The following are the basic steps to perform coordination among concurrent function invocations for a MapReduce algorithm:

  1. A mapper function splits the data set into chunks
  2. The mapper function counts the total number of chunks and inserts the count into the external state data store (this represents the total number of in-process function invocations)
  3. The mapper function invokes the required number of reducer functions in parallel to process each chunk
  4. When each reducer function invocation completes, it atomically decrements the count of in-process invocations in the external state data store
  5. If the count of in-process invocations is zero, then the current reducer function is the last to complete and the system can continue onto the next state in the state machine

There are many other ways concurrency may need to be coordinated, but they all share the property of needing to track state in an atomic, external store.

State Transition Logic

This brings us to state transitions. How can one function invocation make the proper decision on which function(s) should be executed next? At first glance, this doesn’t sound too difficult. We are used to writing this sort of logic directly in our function source code. But embedding the logic of a state machine in the source code of all its functions leads to the spaghetti code mess we are hoping to avoid by using a more formal state machine model.

To inch our way towards a more general approach to state machine transition logic, let’s take a look at a simple use case: custom retry logic. In this example, the process performed for state “A” in the diagram below should be retried up to MAX_RETRIES.

Upon success, the logic transitions by invoking the function for state “B”. But let’s focus on the failure scenario.

Function A is invoked with a message. That message may look something like:

{
  userId: 12345
}

When a failure occurs, function A looks at the input message to see if it has a retries property. It does not, so function A adds the property with a value of 1:

{
  userId: 12345,
  retries: 1
}

Then, function A can re-invoke itself with the newly update message. If it fails again, it now increments the retries property:

{
  userId: 12345,
  retries: 2
}

Each time a failure occurs, the number of retries is compared against the MAX_RETRIES value. If the number of retries exceeds MAX_RETRIES, then the state machine can transition into a failure state. This may include pushing the input message onto a dead letter queue or notifying someone of the failure.

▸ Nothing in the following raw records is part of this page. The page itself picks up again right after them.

(* Let $(X,\mathcal{B},\mu)$ be a standard probability space and $K$ a subset of $\mathfrak{P}$. Then $$h^*_\mu(K)=\sup_{\mathcal{A}\in\mathcal{S}_K}h_\mu(\mathcal{A}),$$ where $\mathcal{S}_K$ is the collection of all sequences $(\alpha_i)_{i=1}^\infty$ of elements of $K$; moreover there is some $\mathcal{A}\in\mathcal{S}_K$ with $h^*_\mu(K)=h_\mu(\mathcal{A})$.
   Context: $\mathfrak{P}$ is the set of finite measurable partitions of $X$ (identified mod $0$); $\alpha\vee\beta=\{A\cap B\colon A\in\alpha,B\in\beta\}$; $H_\mu(\alpha)=-\sum_{A\in\alpha}\mu(A)\log\mu(A)$. For a sequence $\mathcal{A}=(\alpha_i)$ in $\mathfrak{P}$, $h_\mu(\mathcal{A})=\limsup_{n\to\infty}\frac1nH_\mu(\bigvee_{i=1}^n\alpha_i)$. For $K\subset\mathfrak{P}$, $P^*_{K,\mu}(n)=\sup_{\alpha_1,\dots,\alpha_n\in K}H_\mu(\bigvee_{i=1}^n\alpha_i)$ and $h^*_\mu(K)=\limsup_{n\to\infty}\frac1nP^*_{K,\mu}(n)$. *)

theory Defs
  imports "HOL-Probability.Probability"
begin

text \<open>Finite measurable partitions of the space of M (a partition is a finite set of
measurable, pairwise disjoint sets covering the space; identification mod 0 is
irrelevant since all quantities below are invariant under it).\<close>
definition fin_partition :: "'a measure \<Rightarrow> 'a set set \<Rightarrow> bool" where
  "fin_partition M \<alpha> \<longleftrightarrow> finite \<alpha> \<and> \<alpha> \<subseteq> sets M \<and> disjoint \<alpha> \<and> \<Union>\<alpha> = space M"

definition part_join :: "'a set set \<Rightarrow> 'a set set \<Rightarrow> 'a set set" where
  "part_join \<alpha> \<beta> = {A \<inter> B | A B. A \<in> \<alpha> \<and> B \<in> \<beta>}"

definition part_entropy :: "'a measure \<Rightarrow> 'a set set \<Rightarrow> real" where
  "part_entropy M \<alpha> = - (\<Sum>A\<in>\<alpha>. measure M A * ln (measure M A))"

primrec join_upto :: "'a measure \<Rightarrow> (nat \<Rightarrow> 'a set set) \<Rightarrow> nat \<Rightarrow> 'a set set" where
  "join_upto M a 0 = {space M}"
| "join_upto M a (Suc n) = part_join (join_upto M a n) (a (Suc n))"

definition seq_entropy :: "'a measure \<Rightarrow> (nat \<Rightarrow> 'a set set) \<Rightarrow> ereal" where
  "seq_entropy M a = limsup (\<lambda>n. ereal (part_entropy M (join_upto M a n) / real n))"

definition Pstar :: "'a measure \<Rightarrow> 'a set set set \<Rightarrow> nat \<Rightarrow> ereal" where
  "Pstar M K n = (SUP a \<in> {a. \<forall>i\<in>{1..n}. a i \<in> K}. ereal (part_entropy M (join_upto M a n)))"

definition hstar :: "'a measure \<Rightarrow> 'a set set set \<Rightarrow> ereal" where
  "hstar M K = limsup (\<lambda>n. Pstar M K n / ereal (real n))"

text \<open>S_K: sequences (a_i)_{i>=1} of elements of K (index 0 is unused).\<close>
definition seqs_in :: "'a set set set \<Rightarrow> (nat \<Rightarrow> 'a set set) set" where
  "seqs_in K = {a. \<forall>i\<ge>1. a i \<in> K}"

end

theory Submission
  imports Defs
begin

text \<open>The inequality \<open>h(\<A>) \<le> h*(K)\<close> for \<open>\<A> \<in> S_K\<close> is immediate from
  \<open>H(\<alpha>_1 \<or> ... \<or> \<alpha>_n) \<le> P*(n)\<close>. For the converse a single sequence is glued together
  from finite blocks. Fix reals \<open>y_k\<close> converging to \<open>h*(K)\<close> from below. When \<open>T\<close> places
  are filled, pick \<open>n\<close> with \<open>P*(n)/n\<close> above a number slightly larger than \<open>y_k\<close> and with
  \<open>T\<close> negligible against \<open>n\<close>; this yields \<open>\<beta>_1, ..., \<beta>_n \<in> K\<close> with
  \<open>H(\<beta>_1 \<or> ... \<or> \<beta>_n) > y_k (T + n)\<close>, and they are appended. The join of the first
  \<open>T + n\<close> terms refines the join of the block, and entropy grows under refinement, so the
  average entropy at the end of block \<open>k\<close> exceeds \<open>y_k\<close>; hence the limsup is at least
  \<open>h*(K)\<close>.\<close>

lemma fin_partition_space: "fin_partition M {space M}"
  unfolding fin_partition_def by (auto simp: disjoint_def)

lemma fin_partition_part_join:
  assumes "fin_partition M \<alpha>" "fin_partition M \<beta>"
  shows "fin_partition M (part_join \<alpha> \<beta>)"
  unfolding fin_partition_def
proof (intro conjI)
  have "part_join \<alpha> \<beta> = (\<lambda>(A, B). A \<inter> B) ` (\<alpha> \<times> \<beta>)"
    unfolding part_join_def by auto
  with assms show "finite (part_join \<alpha> \<beta>)"
    by (simp add: fin_partition_def)
  show "part_join \<alpha> \<beta> \<subseteq> sets M"
    using assms unfolding part_join_def fin_partition_def by auto
  show "disjoint (part_join \<alpha> \<beta>)"
    using assms unfolding part_join_def fin_partition_def disjoint_def by blast
  show "\<Union> (part_join \<alpha> \<beta>) = space M"
    using assms unfolding part_join_def fin_partition_def by blast
qed

lemma fin_partition_join_upto:
  "(\<And>i. i \<in> {1..n} \<Longrightarrow> fin_partition M (a i)) \<Longrightarrow> fin_partition M (join_upto M a n)"
  by (induction n) (auto intro!: fin_partition_part_join fin_partition_space)

lemma join_upto_cong:
  "(\<And>i. i \<in> {1..n} \<Longrightarrow> a i = b i) \<Longrightarrow> join_upto M a n = join_upto M b n"
  by (induction n) auto

lemma join_upto_subset_space: "C \<in> join_upto M a n \<Longrightarrow> C \<subseteq> space M"
  by (induction n arbitrary: C) (auto simp: part_join_def)

lemma join_upto_shift_refines:
  "C \<in> join_upto M a (m + n) \<Longrightarrow> \<exists>B\<in>join_upto M (\<lambda>i. a (m + i)) n. C \<subseteq> B"
proof (induction n arbitrary: C)
  case 0
  then show ?case using join_upto_subset_space[of C M a m] by auto
next
  case (Suc n)
  then obtain D A where D: "D \<in> join_upto M a (m + n)" "A \<in> a (Suc (m + n))" "C = D \<inter> A"
    by (auto simp: part_join_def)
  with Suc.IH obtain B where "B \<in> join_upto M (\<lambda>i. a (m + i)) n" "D \<subseteq> B"
    by blast
  with D have "B \<inter> A \<in> join_upto M (\<lambda>i. a (m + i)) (Suc n)" "C \<subseteq> B \<inter> A"
    by (auto simp: part_join_def)
  then show ?case by blast
qed

lemma (in finite_measure) part_entropy_le_refinement:
  assumes \<gamma>: "fin_partition M \<gamma>" and \<beta>: "fin_partition M \<beta>"
    and refines: "\<And>C. C \<in> \<gamma> \<Longrightarrow> \<exists>B\<in>\<beta>. C \<subseteq> B"
  shows "part_entropy M \<beta> \<le> part_entropy M \<gamma>"
proof -
  let ?\<mu> = "measure M"
  have \<gamma>_parts: "finite \<gamma>" "\<gamma> \<subseteq> sets M" "disjoint \<gamma>" "\<Union>\<gamma> = space M"
    and \<beta>_parts: "finite \<beta>" "\<beta> \<subseteq> sets M" "disjoint \<beta>" "\<Union>\<beta> = space M"
    using \<gamma> \<beta> by (auto simp: fin_partition_def)
  have split: "?\<mu> B = (\<Sum>C\<in>\<gamma>. ?\<mu> (B \<inter> C))" if "B \<in> \<beta>" for B
    using that \<beta>_parts \<gamma>_parts disjointD[OF \<gamma>_parts(3)]
    by (intro measure_real_sum_image_fn[of B \<gamma> id, simplified]) auto
  have cell: "?\<mu> C * ln (?\<mu> C) \<le> (\<Sum>B\<in>\<beta>. ?\<mu> (B \<inter> C) * ln (?\<mu> B))" if "C \<in> \<gamma>" for C
  proof -
    obtain B\<^sub>0 where B\<^sub>0: "B\<^sub>0 \<in> \<beta>" "C \<subseteq> B\<^sub>0"
      using refines \<open>C \<in> \<gamma>\<close> by blast
    have "B \<inter> C = {}" if "B \<in> \<beta> - {B\<^sub>0}" for B
      using that B\<^sub>0 disjointD[OF \<beta>_parts(3)] by blast
    then have "(\<Sum>B\<in>\<beta>. ?\<mu> (B \<inter> C) * ln (?\<mu> B)) = ?\<mu> C * ln (?\<mu> B\<^sub>0)"
      using B\<^sub>0 \<beta>_parts(1) by (simp add: sum.remove Int_absorb1)
    moreover have "?\<mu> C * ln (?\<mu> C) \<le> ?\<mu> C * ln (?\<mu> B\<^sub>0)"
    proof (cases "?\<mu> C = 0")
      case False
      then have "0 < ?\<mu> C" using measure_nonneg[of M C] by linarith
      moreover have "?\<mu> C \<le> ?\<mu> B\<^sub>0"
        using B\<^sub>0 \<beta>_parts \<gamma>_parts \<open>C \<in> \<gamma>\<close> by (intro finite_measure_mono) auto
      ultimately show ?thesis by (simp add: mult_left_mono)
    qed simp
    ultimately show ?thesis by simp
  qed
  have "(\<Sum>B\<in>\<beta>. ?\<mu> B * ln (?\<mu> B)) = (\<Sum>C\<in>\<gamma>. \<Sum>B\<in>\<beta>. ?\<mu> (B \<inter> C) * ln (?\<mu> B))"
    using split by (simp add: sum_distrib_right sum.swap[of _ \<gamma>])
  also have "\<dots> \<ge> (\<Sum>C\<in>\<gamma>. ?\<mu> C * ln (?\<mu> C))"
    using cell by (intro sum_mono) auto
  finally show ?thesis unfolding part_entropy_def by simp
qed

lemma (in finite_measure) part_entropy_join_upto_shift_le:
  assumes "\<And>i. i \<in> {1..m + n} \<Longrightarrow> fin_partition M (a i)"
  shows "part_entropy M (join_upto M (\<lambda>i. a (m + i)) n) \<le> part_entropy M (join_upto M a (m + n))"
  using assms
  by (intro part_entropy_le_refinement fin_partition_join_upto join_upto_shift_refines) auto

definition concat_blocks :: "(nat \<Rightarrow> nat) \<Rightarrow> (nat \<Rightarrow> nat \<Rightarrow> 'b) \<Rightarrow> nat \<Rightarrow> 'b" where
  "concat_blocks T b i = (let k = LEAST k. i \<le> T (Suc k) in b k (i - T k))"

lemma concat_blocks_eq:
  assumes T: "strict_mono T" and i: "T k < i" "i \<le> T (Suc k)"
  shows "concat_blocks T b i = b k (i - T k)"
proof -
  have "(LEAST k. i \<le> T (Suc k)) = k"
  proof (rule Least_equality)
    fix k' assume "i \<le> T (Suc k')"
    with i have "T k < T (Suc k')" by linarith
    then show "k \<le> k'" using T by (simp add: strict_mono_less)
  qed (fact i(2))
  then show ?thesis by (simp add: concat_blocks_def)
qed

lemma strict_mono_block_containing:
  fixes T :: "nat \<Rightarrow> nat"
  assumes "strict_mono T" "T 0 = 0" "0 < i"
  obtains k where "T k < i" "i \<le> T (Suc k)"
proof -
  let ?k = "LEAST k. i \<le> T (Suc k)"
  have "i \<le> T (Suc i)"
    using seq_suble[OF assms(1), of "Suc i"] by simp
  then have "i \<le> T (Suc ?k)" by (rule LeastI)
  moreover have "T ?k < i"
  proof (cases ?k)
    case (Suc k)
    then show ?thesis using not_less_Least[of k "\<lambda>k. i \<le> T (Suc k)"] by simp
  qed (use assms in simp)
  ultimately show ?thesis using that by blast
qed

lemma concat_blocks_in_seqs_in:
  assumes T: "strict_mono T" "T 0 = 0"
    and blocks: "\<And>k j. j \<in> {1..T (Suc k) - T k} \<Longrightarrow> b k j \<in> K"
  shows "concat_blocks T b \<in> seqs_in K"
  unfolding seqs_in_def
proof (intro CollectI allI impI)
  fix i :: nat assume "1 \<le> i"
  then have "0 < i" by simp
  then obtain k where k: "T k < i" "i \<le> T (Suc k)"
    by (rule strict_mono_block_containing[OF T])
  then have "i - T k \<in> {1..T (Suc k) - T k}"
    by auto
  then show "concat_blocks T b i \<in> K"
    using concat_blocks_eq[OF T(1) k, of b] blocks by simp
qed

lemma (in finite_measure) part_entropy_block_le_concat_blocks:
  assumes T: "strict_mono T"
    and parts: "\<And>i. 1 \<le> i \<Longrightarrow> fin_partition M (concat_blocks T b i)"
  shows "part_entropy M (join_upto M (b k) (T (Suc k) - T k))
      \<le> part_entropy M (join_upto M (concat_blocks T b) (T (Suc k)))"
proof -
  define n where "n = T (Suc k) - T k"
  have T_Suc: "T (Suc k) = T k + n"
    using strict_monoD[OF T, of k "Suc k"] by (simp add: n_def)
  have "concat_blocks T b (T k + i) = b k i" if "i \<in> {1..n}" for i
    using concat_blocks_eq[OF T, of k "T k + i"] that by (simp add: T_Suc)
  then have "join_upto M (b k) n = join_upto M (\<lambda>i. concat_blocks T b (T k + i)) n"
    by (intro join_upto_cong) simp
  moreover have "part_entropy M (join_upto M (\<lambda>i. concat_blocks T b (T k + i)) n)
      \<le> part_entropy M (join_upto M (concat_blocks T b) (T k + n))"
    using parts by (intro part_entropy_join_upto_shift_le) auto
  ultimately show ?thesis
    by (simp add: T_Suc flip: n_def)
qed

The key here is that the state of the machine can be passed as part of the input into the function. This is a powerful mechanism for managing the logic flow of an application.

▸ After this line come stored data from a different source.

(* Let $p\ge1$, $l\in\mathbb{Z}_{\ge0}$, and $s_1,\dots,s_p\in\mathbb{C}$ with $|s_i|<1$ or $s_i=1$ for every $1\le i\le p$. Then for every $\varepsilon>0$, $(\Delta^l\mathtt{s}^{\mathrm{sh}}_{(1,\dots,1;s_1,\dots,s_p)})(m)=O\bigl(m^{-(l+1-\varepsilon)}\bigr)$ as $m\to\infty$.
   Context: Convention $0^0=1$. $\mathtt{s}^{\mathrm{sh}}_{(1,\dots,1;s_1,\dots,s_p)}(m)=\sum_{m=m_1\ge\cdots\ge m_p\ge0}\frac{s_1^{m_1-m_2}\cdots s_{p-1}^{m_{p-1}-m_p}s_p^{m_p+1}}{(m_1+1)\cdots(m_p+1)}$; $(\Delta a)(m)=a(m)-a(m+1)$. *)

theory Defs
  imports Complex_Main "HOL-Library.Landau_Symbols"
begin

text \<open>Index tuples m = m_1 \<ge> m_2 \<ge> ... \<ge> m_p \<ge> 0, encoded as functions
  nat \<Rightarrow> nat that vanish outside {1..p}.\<close>
definition sh_index_set :: "nat \<Rightarrow> nat \<Rightarrow> (nat \<Rightarrow> nat) set" where
  "sh_index_set p m = {mm. mm 1 = m \<and> (\<forall>i\<in>{1..<p}. mm (Suc i) \<le> mm i)
      \<and> (\<forall>i. i \<notin> {1..p} \<longrightarrow> mm i = 0)}"

text \<open>s^sh_{(1,...,1; s_1,...,s_p)}(m); the parameters s_i are s 1, ..., s p.
  Isabelle's power satisfies 0^0 = 1.\<close>
definition ssh :: "nat \<Rightarrow> (nat \<Rightarrow> complex) \<Rightarrow> nat \<Rightarrow> complex" where
  "ssh p s m = (\<Sum>mm\<in>sh_index_set p m.
      (\<Prod>i\<in>{1..<p}. s i ^ (mm i - mm (Suc i))) * s p ^ (mm p + 1)
        / (\<Prod>i\<in>{1..p}. of_nat (mm i + 1)))"

definition fwd_diff :: "(nat \<Rightarrow> complex) \<Rightarrow> nat \<Rightarrow> complex" where
  "fwd_diff a m = a m - a (Suc m)"

end

theory Submission
  imports Defs "HOL-Real_Asymp.Real_Asymp" "HOL-Analysis.Summation_Tests"
begin

(* Say that a sequence a decays with order alpha if (Delta^j a)(m) = O(m^(eps - j - alpha)) for every
   j and every eps > 0. Splitting off the outermost index m_1 = m gives the recursion
     s^sh_{p+1}(m) = 1/(m+1) * sum_{k<=m} s_1^(m-k) s^sh_p(k),
   the inner sequence having the shifted parameters s_2, ..., s_{p+1}. Orders add under products
   (Leibniz rule for Delta), 1/(m+1) has order 1 and s^m has order 0; convolution with s^m keeps the
   order when |s| < 1, and for s = 1 it is a partial sum, which lowers order 1 to order 0. By
   induction on p, s^sh decays with order 1. *)

lemma summable_geometric_times_powr:
  fixes r c :: real
  assumes "0 \<le> r" "r < 1"
  shows "summable (\<lambda>n. r ^ n * (real n + 1) powr c)"
proof -
  \<comment> \<open>\<open>real_asymp\<close> needs a positive base, and \<open>r\<close> may be \<open>0\<close>.\<close>
  define r' where "r' = max r (1/2)"
  have r': "0 < r'" "r' < 1" "r \<le> r'" using assms by (auto simp: r'_def)
  have "summable (\<lambda>n. r' ^ n * (real n + 1) powr c)"
  proof (rule summable_comparison_test_bigo)
    show "summable (\<lambda>n. norm (((1 + r') / 2) ^ n))"
      using r' by (simp add: norm_power summable_geometric_iff)
    show "(\<lambda>n. r' ^ n * (real n + 1) powr c) \<in> O(\<lambda>n. ((1 + r') / 2) ^ n)"
      using r' by real_asymp
  qed
  then show ?thesis
    by (rule summable_comparison_test[rotated])
      (use assms r' in \<open>auto intro!: exI[of _ 0] mult_right_mono power_mono\<close>)
qed

lemma summable_powr_Suc:
  fixes d :: real
  assumes "0 < d"
  shows "summable (\<lambda>n. (real n + 1) powr (- 1 - d))"
  using summable_real_powr_iff[of "- 1 - d"] assms summable_Suc_iff[of "\<lambda>n. real n powr (- 1 - d)"]
  by (simp add: add.commute)

section \<open>Bounds by powers of \<open>m + 1\<close>\<close>

\<comment> \<open>Bounding by \<open>(m + 1) powr g\<close> rather than \<open>m powr g\<close> keeps the bound meaningful at \<open>m = 0\<close>, where \<open>0 powr g = 0\<close>.\<close>
definition powr_bounded :: "real \<Rightarrow> (nat \<Rightarrow> complex) \<Rightarrow> bool" where
  "powr_bounded g a \<longleftrightarrow> (\<exists>K. \<forall>m. norm (a m) \<le> K * (real m + 1) powr g)"

lemma powr_boundedI: "(\<And>m. norm (a m) \<le> K * (real m + 1) powr g) \<Longrightarrow> powr_bounded g a"
  unfolding powr_bounded_def by blast

lemma powr_boundedE:
  assumes "powr_bounded g a"
  obtains K where "K \<ge> 0" "\<And>m. norm (a m) \<le> K * (real m + 1) powr g"
proof -
  obtain K where K: "\<And>m. norm (a m) \<le> K * (real m + 1) powr g"
    using assms unfolding powr_bounded_def by blast
  have "K \<ge> 0"
    using order_trans[OF norm_ge_zero K[of 0]] by (simp add: zero_le_mult_iff)
  from this K show ?thesis by (rule that)
qed

lemma powr_bounded_mono:
  assumes "powr_bounded g a" "g \<le> h"
  shows "powr_bounded h a"
proof -
  obtain K where "K \<ge> 0" and K: "\<And>m. norm (a m) \<le> K * (real m + 1) powr g"
    using powr_boundedE[OF assms(1)] by blast
  have "norm (a m) \<le> K * (real m + 1) powr h" for m
    using K[of m] \<open>K \<ge> 0\<close> assms(2) by (smt (verit) mult_left_mono powr_mono of_nat_0_le_iff)
  then show ?thesis by (rule powr_boundedI)
qed

lemma powr_bounded_add:
  assumes "powr_bounded g a" "powr_bounded g b"
  shows "powr_bounded g (\<lambda>m. a m + b m)"
proof -
  obtain K where "K \<ge> 0" and K: "\<And>m. norm (a m) \<le> K * (real m + 1) powr g"
    using powr_boundedE[OF assms(1)] by blast
  obtain L where "L \<ge> 0" and L: "\<And>m. norm (b m) \<le> L * (real m + 1) powr g"
    using powr_boundedE[OF assms(2)] by blast
  have "norm (a m + b m) \<le> (K + L) * (real m + 1) powr g" for m
    using norm_triangle_ineq[of "a m" "b m"] K[of m] L[of m] by (simp add: distrib_right)
  then show ?thesis by (rule powr_boundedI)
qed

lemma powr_bounded_cmult:
  assumes "powr_bounded g a"
  shows "powr_bounded g (\<lambda>m. c * a m)"
proof -
  obtain K where "K \<ge> 0" and K: "\<And>m. norm (a m) \<le> K * (real m + 1) powr g"
    using powr_boundedE[OF assms] by blast
  have "norm (c * a m) \<le> (norm c * K) * (real m + 1) powr g" for m
    using mult_left_mono[OF K[of m], of "norm c"] by (simp add: norm_mult mult.assoc)
  then show ?thesis by (rule powr_boundedI)
qed

lemma powr_bounded_mult:
  assumes "powr_bounded g a" "powr_bounded h b"
  shows "powr_bounded (g + h) (\<lambda>m. a m * b m)"
proof -
  obtain K where "K \<ge> 0" and K: "\<And>m. norm (a m) \<le> K * (real m + 1) powr g"
    using powr_boundedE[OF assms(1)] by blast
  obtain L where "L \<ge> 0" and L: "\<And>m. norm (b m) \<le> L * (real m + 1) powr h"
    using powr_boundedE[OF assms(2)] by blast
  have "norm (a m * b m) \<le> (K * L) * (real m + 1) powr (g + h)" for m
  proof -
    have "norm (a m * b m) \<le> (K * (real m + 1) powr g) * (L * (real m + 1) powr h)"
      unfolding norm_mult using K[of m] L[of m] \<open>K \<ge> 0\<close> by (intro mult_mono) auto
    then show ?thesis by (simp add: powr_add algebra_simps)
  qed
  then show ?thesis by (rule powr_boundedI)
qed

lemma powr_add_one_le:
  fixes x g :: real
  assumes "1 \<le> x"
  shows "(x + 1) powr g \<le> max 1 (2 powr g) * x powr g"
proof (cases "g \<ge> 0")
  case True
  have "(x + 1) powr g \<le> (2 * x) powr g"
    using True assms by (intro powr_mono2) auto
  also have "\<dots> = 2 powr g * x powr g" using assms by (simp add: powr_mult)
  also have "\<dots> \<le> max 1 (2 powr g) * x powr g" by (intro mult_right_mono) auto
  finally show ?thesis .
next
  case False
  have "(x + 1) powr g \<le> x powr g"
    using False assms by (intro powr_mono2') auto
  also have "\<dots> \<le> max 1 (2 powr g) * x powr g"
    using mult_right_mono[of 1 "max 1 (2 powr g)" "x powr g"] by simp
  finally show ?thesis .
qed

lemma powr_bounded_shift:
  assumes "powr_bounded g a"
  shows "powr_bounded g (\<lambda>m. a (Suc m))"
proof -
  obtain K where "K \<ge> 0" and K: "\<And>m. norm (a m) \<le> K * (real m + 1) powr g"
    using powr_boundedE[OF assms] by blast
  have "norm (a (Suc m)) \<le> (K * max 1 (2 powr g)) * (real m + 1) powr g" for m
  proof -
    have "norm (a (Suc m)) \<le> K * ((real m + 1) + 1) powr g"
      using K[of "Suc m"] by (simp add: add_ac)
    also have "\<dots> \<le> K * (max 1 (2 powr g) * (real m + 1) powr g)"
      using \<open>K \<ge> 0\<close> by (intro mult_left_mono powr_add_one_le) auto
    finally show ?thesis by (simp add: mult.assoc)
  qed
  then show ?thesis by (rule powr_boundedI)
qed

A Generic Serverless State Machine?

While the above mechanisms for concurrency coordination and state transitions can be used to build bespoke state machines, it would be great if we could use a standard state machine specification to build general logic flows. While this has yet to be completely achieved, there have been some promising attempts. One example is Ben Kehoe’s Heaviside project. Heaviside attempts to provide both the state machine definition and state to functions via AWS Lambda’s Context mechanism using the same Amazon States Language specification used for Step Functions. While this works in theory, it breaks down in practice because AWS Lambda doesn’t support providing arbitrary context data when invoking functions asynchronously. This is an impediment to implementing state machines where the machine definition and state are passed separately from the input messages. It would be interesting to investigate whether mixing the state machine data with the input message could achieve the desired result.

Even with the current challenges, I’m excited to see the progress being made in pursuit of serverless state machines. I believe it is only a matter of time before someone builds a generic framework on top of existing FaaS solutions and/or cloud providers support high-throughput state machines.